----- Supplied entries -----

(* With the notation of the context, for every $\lambda\in[0,1]$ the state transition matrix $\Phi(\lambda,0)=\exp\!\big(\int_0^\lambda A(\mu)\,d\mu\big)$ of the EDH flow matrix satisfies $$\Phi(\lambda,0)=I+PH^\top R^{-1/2}\big[(I+\lambda D)^{-1/2}-I\big]D^{-1}R^{-1/2}H=I+E\,\Omega(\lambda)\,F^\top,$$ where $\Omega(\lambda)=\mathrm{diag}(\omega_1(\lambda),\dots,\omega_{n_z}(\lambda))$, $\omega_i(\lambda)=\dfrac{(1+\lambda\alpha_i)^{-1/2}-1}{\alpha_i}$.
   Context: $P\in\mathbb{R}^{n_x\times n_x}$, $R\in\mathbb{R}^{n_z\times n_z}$ symmetric positive definite, $H\in\mathbb{R}^{n_z\times n_x}$ of full row rank. $R^{-1/2}$ is the inverse of the symmetric positive definite square root of $R$. The EDH flow matrix is $A(\lambda)=-\tfrac12 PH^\top(\lambda HPH^\top+R)^{-1}H$ for $\lambda\in[0,1]$. Let $D=R^{-1/2}HPH^\top R^{-1/2}=V\Lambda V^\top$ with $V$ orthogonal and $\Lambda=\mathrm{diag}(\alpha_1,\dots,\alpha_{n_z})$, $\alpha_i>0$. Define $E=PH^\top R^{-1/2}V$ and $F^\top=V^\top R^{-1/2}H$. $(I+\lambda D)^{-1/2}$ denotes the inverse of the symmetric positive definite square root of $I+\lambda D$. *)

theory Defs
  imports "HOL-Analysis.Analysis"
begin

text \<open>Matrix powers and the matrix exponential (the product on real^n^n in the
library is componentwise, so the exponential is defined explicitly via the matrix product).\<close>
primrec mpow :: "real^'n^'n \<Rightarrow> nat \<Rightarrow> real^'n^'n" where
  "mpow M 0 = mat 1"
| "mpow M (Suc k) = M ** mpow M k"

definition mat_exp :: "real^'n^'n \<Rightarrow> real^'n^'n" where
  "mat_exp M = (\<Sum>k. (1 / fact k) *\<^sub>R mpow M k)"

definition pos_def_matrix :: "real^'n^'n \<Rightarrow> bool" where
  "pos_def_matrix M \<longleftrightarrow> transpose M = M \<and> (\<forall>x. x \<noteq> 0 \<longrightarrow> x \<bullet> (M *v x) > 0)"

definition spd_sqrt :: "real^'n^'n \<Rightarrow> real^'n^'n" where
  "spd_sqrt M = (THE S. pos_def_matrix S \<and> S ** S = M)"

definition diag_mat :: "('n \<Rightarrow> real) \<Rightarrow> real^'n^'n" where
  "diag_mat a = (\<chi> i j. if i = j then a i else 0)"

definition edh_A :: "real^'x^'x \<Rightarrow> real^'x^'z \<Rightarrow> real^'z^'z \<Rightarrow> real \<Rightarrow> real^'x^'x" where
  "edh_A P H R lam = - ((1/2) *\<^sub>R (P ** transpose H ** matrix_inv (lam *\<^sub>R (H ** P ** transpose H) + R) ** H))"

definition edh_Phi :: "real^'x^'x \<Rightarrow> real^'x^'z \<Rightarrow> real^'z^'z \<Rightarrow> real \<Rightarrow> real^'x^'x" where
  "edh_Phi P H R lam = mat_exp (integral {0..lam} (\<lambda>mu. edh_A P H R mu))"

end

(* Write S = R^(1/2). Then lambda H P H^T + R = S (I + lambda D) S with D = V Lambda V^T, so the
   flow matrix is A(mu) = E diag(-1 / (2 (1 + mu alpha_i))) F^T, and its integral over [0, lambda]
   is E Gamma F^T with gamma_i = -ln(1 + lambda alpha_i) / (2 alpha_i). Since F^T E = Lambda is
   diagonal, (E Gamma F^T)^(k+1) = E Gamma (Lambda Gamma)^k F^T, so the exponential series sums
   diagonal entry by diagonal entry to I + E diag((exp(gamma_i alpha_i) - 1) / alpha_i) F^T, and
   exp(gamma_i alpha_i) = (1 + lambda alpha_i)^(-1/2). Reading this diagonal matrix back through V
   gives the first form. The existence of S rests on the spectral theorem for symmetric matrices,
   obtained by maximising the Rayleigh quotient on invariant subspaces. *)

theory Submission
  imports Defs
begin

lemma matrix_add_rdistrib: "((A::real^'m^'n) + B) ** C = A ** C + B ** C"
  by (simp add: matrix_matrix_mult_def vec_eq_iff sum.distrib distrib_right)

lemma matrix_diff_ldistrib: "(A::real^'m^'n) ** (B - C) = A ** B - A ** C"
  by (simp add: matrix_matrix_mult_def vec_eq_iff sum_subtractf right_diff_distrib)

lemma matrix_diff_rdistrib: "((A::real^'m^'n) - B) ** C = A ** C - B ** C"
  by (simp add: matrix_matrix_mult_def vec_eq_iff sum_subtractf left_diff_distrib)

lemma matrix_scaleR_right: "(A::real^'m^'n) ** (k *\<^sub>R B) = k *\<^sub>R (A ** B)"
  by (simp add: matrix_scalar_ac scalar_matrix_assoc)

lemma matrix_sum_left: "(\<Sum>i\<in>I. f i :: real^'m^'n) ** B = (\<Sum>i\<in>I. f i ** B)"
  by (induction I rule: infinite_finite_induct) (simp_all add: matrix_add_rdistrib)

lemma matrix_sum_right: "(A::real^'m^'n) ** (\<Sum>i\<in>I. f i) = (\<Sum>i\<in>I. A ** f i)"
  by (induction I rule: infinite_finite_induct) (simp_all add: matrix_add_ldistrib)

lemma matrix_inv_unique:
  fixes A B :: "real^'n^'n"
  assumes AB: "A ** B = mat 1"
  shows "matrix_inv A = B"
proof -
  have "B ** A = mat 1" using AB matrix_left_right_inverse by blast
  then have "\<exists>A'. A ** A' = mat 1 \<and> A' ** A = mat 1" using AB by blast
  then have "matrix_inv A ** A = mat 1"
    unfolding matrix_inv_def by (rule someI_ex[THEN conjunct2])
  then have "matrix_inv A ** (A ** B) = B" by (simp add: matrix_mul_assoc)
  then show ?thesis using AB by simp
qed

lemma diag_mat_mult: "diag_mat a ** diag_mat b = diag_mat (\<lambda>i. a i * b i)"
  by (auto simp: diag_mat_def matrix_matrix_mult_def vec_eq_iff mult_delta_left mult_delta_right)

lemma diag_mat_one: "diag_mat (\<lambda>_. 1) = mat 1"
  by (simp add: diag_mat_def mat_def)

lemma diag_mat_add: "diag_mat a + diag_mat b = diag_mat (\<lambda>i. a i + b i)"
  by (simp add: vec_eq_iff diag_mat_def)

lemma diag_mat_diff: "diag_mat a - diag_mat b = diag_mat (\<lambda>i. a i - b i)"
  by (simp add: vec_eq_iff diag_mat_def)

lemma scaleR_diag_mat: "k *\<^sub>R diag_mat a = diag_mat (\<lambda>i. k * a i)"
  by (simp add: vec_eq_iff diag_mat_def)

lemma transpose_diag_mat: "transpose (diag_mat a) = diag_mat a"
  by (simp add: vec_eq_iff diag_mat_def transpose_def)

-----

What you need to do
Set the entries down again, unchanged and complete.

Written solution
(* With the notation of the context, for every $\lambda\in[0,1]$ the state transition matrix $\Phi(\lambda,0)=\exp\!\big(\int_0^\lambda A(\mu)\,d\mu\big)$ of the EDH flow matrix satisfies $$\Phi(\lambda,0)=I+PH^\top R^{-1/2}\big[(I+\lambda D)^{-1/2}-I\big]D^{-1}R^{-1/2}H=I+E\,\Omega(\lambda)\,F^\top,$$ where $\Omega(\lambda)=\mathrm{diag}(\omega_1(\lambda),\dots,\omega_{n_z}(\lambda))$, $\omega_i(\lambda)=\dfrac{(1+\lambda\alpha_i)^{-1/2}-1}{\alpha_i}$.
   Context: $P\in\mathbb{R}^{n_x\times n_x}$, $R\in\mathbb{R}^{n_z\times n_z}$ symmetric positive definite, $H\in\mathbb{R}^{n_z\times n_x}$ of full row rank. $R^{-1/2}$ is the inverse of the symmetric positive definite square root of $R$. The EDH flow matrix is $A(\lambda)=-\tfrac12 PH^\top(\lambda HPH^\top+R)^{-1}H$ for $\lambda\in[0,1]$. Let $D=R^{-1/2}HPH^\top R^{-1/2}=V\Lambda V^\top$ with $V$ orthogonal and $\Lambda=\mathrm{diag}(\alpha_1,\dots,\alpha_{n_z})$, $\alpha_i>0$. Define $E=PH^\top R^{-1/2}V$ and $F^\top=V^\top R^{-1/2}H$. $(I+\lambda D)^{-1/2}$ denotes the inverse of the symmetric positive definite square root of $I+\lambda D$. *)

theory Defs
  imports "HOL-Analysis.Analysis"
begin

text \<open>Matrix powers and the matrix exponential (the product on real^n^n in the
library is componentwise, so the exponential is defined explicitly via the matrix product).\<close>
primrec mpow :: "real^'n^'n \<Rightarrow> nat \<Rightarrow> real^'n^'n" where
  "mpow M 0 = mat 1"
| "mpow M (Suc k) = M ** mpow M k"

definition mat_exp :: "real^'n^'n \<Rightarrow> real^'n^'n" where
  "mat_exp M = (\<Sum>k. (1 / fact k) *\<^sub>R mpow M k)"

definition pos_def_matrix :: "real^'n^'n \<Rightarrow> bool" where
  "pos_def_matrix M \<longleftrightarrow> transpose M = M \<and> (\<forall>x. x \<noteq> 0 \<longrightarrow> x \<bullet> (M *v x) > 0)"

definition spd_sqrt :: "real^'n^'n \<Rightarrow> real^'n^'n" where
  "spd_sqrt M = (THE S. pos_def_matrix S \<and> S ** S = M)"

definition diag_mat :: "('n \<Rightarrow> real) \<Rightarrow> real^'n^'n" where
  "diag_mat a = (\<chi> i j. if i = j then a i else 0)"

definition edh_A :: "real^'x^'x \<Rightarrow> real^'x^'z \<Rightarrow> real^'z^'z \<Rightarrow> real \<Rightarrow> real^'x^'x" where
  "edh_A P H R lam = - ((1/2) *\<^sub>R (P ** transpose H ** matrix_inv (lam *\<^sub>R (H ** P ** transpose H) + R) ** H))"

definition edh_Phi :: "real^'x^'x \<Rightarrow> real^'x^'z \<Rightarrow> real^'z^'z \<Rightarrow> real \<Rightarrow> real^'x^'x" where
  "edh_Phi P H R lam = mat_exp (integral {0..lam} (\<lambda>mu. edh_A P H R mu))"

end

(* Write S = R^(1/2). Then lambda H P H^T + R = S (I + lambda D) S with D = V Lambda V^T, so the
   flow matrix is A(mu) = E diag(-1 / (2 (1 + mu alpha_i))) F^T, and its integral over [0, lambda]
   is E Gamma F^T with gamma_i = -ln(1 + lambda alpha_i) / (2 alpha_i). Since F^T E = Lambda is
   diagonal, (E Gamma F^T)^(k+1) = E Gamma (Lambda Gamma)^k F^T, so the exponential series sums
   diagonal entry by diagonal entry to I + E diag((exp(gamma_i alpha_i) - 1) / alpha_i) F^T, and
   exp(gamma_i alpha_i) = (1 + lambda alpha_i)^(-1/2). Reading this diagonal matrix back through V
   gives the first form. The existence of S rests on the spectral theorem for symmetric matrices,
   obtained by maximising the Rayleigh quotient on invariant subspaces. *)

theory Submission
  imports Defs
begin

lemma matrix_add_rdistrib: "((A::real^'m^'n) + B) ** C = A ** C + B ** C"
  by (simp add: matrix_matrix_mult_def vec_eq_iff sum.distrib distrib_right)

lemma matrix_diff_ldistrib: "(A::real^'m^'n) ** (B - C) = A ** B - A ** C"
  by (simp add: matrix_matrix_mult_def vec_eq_iff sum_subtractf right_diff_distrib)

lemma matrix_diff_rdistrib: "((A::real^'m^'n) - B) ** C = A ** C - B ** C"
  by (simp add: matrix_matrix_mult_def vec_eq_iff sum_subtractf left_diff_distrib)

lemma matrix_scaleR_right: "(A::real^'m^'n) ** (k *\<^sub>R B) = k *\<^sub>R (A ** B)"
  by (simp add: matrix_scalar_ac scalar_matrix_assoc)

lemma matrix_sum_left: "(\<Sum>i\<in>I. f i :: real^'m^'n) ** B = (\<Sum>i\<in>I. f i ** B)"
  by (induction I rule: infinite_finite_induct) (simp_all add: matrix_add_rdistrib)

lemma matrix_sum_right: "(A::real^'m^'n) ** (\<Sum>i\<in>I. f i) = (\<Sum>i\<in>I. A ** f i)"
  by (induction I rule: infinite_finite_induct) (simp_all add: matrix_add_ldistrib)

lemma matrix_inv_unique:
  fixes A B :: "real^'n^'n"
  assumes AB: "A ** B = mat 1"
  shows "matrix_inv A = B"
proof -
  have "B ** A = mat 1" using AB matrix_left_right_inverse by blast
  then have "\<exists>A'. A ** A' = mat 1 \<and> A' ** A = mat 1" using AB by blast
  then have "matrix_inv A ** A = mat 1"
    unfolding matrix_inv_def by (rule someI_ex[THEN conjunct2])
  then have "matrix_inv A ** (A ** B) = B" by (simp add: matrix_mul_assoc)
  then show ?thesis using AB by simp
qed

lemma diag_mat_mult: "diag_mat a ** diag_mat b = diag_mat (\<lambda>i. a i * b i)"
  by (auto simp: diag_mat_def matrix_matrix_mult_def vec_eq_iff mult_delta_left mult_delta_right)

lemma diag_mat_one: "diag_mat (\<lambda>_. 1) = mat 1"
  by (simp add: diag_mat_def mat_def)

lemma diag_mat_add: "diag_mat a + diag_mat b = diag_mat (\<lambda>i. a i + b i)"
  by (simp add: vec_eq_iff diag_mat_def)

lemma diag_mat_diff: "diag_mat a - diag_mat b = diag_mat (\<lambda>i. a i - b i)"
  by (simp add: vec_eq_iff diag_mat_def)

lemma scaleR_diag_mat: "k *\<^sub>R diag_mat a = diag_mat (\<lambda>i. k * a i)"
  by (simp add: vec_eq_iff diag_mat_def)

lemma transpose_diag_mat: "transpose (diag_mat a) = diag_mat a"
  by (simp add: vec_eq_iff diag_mat_def transpose_def)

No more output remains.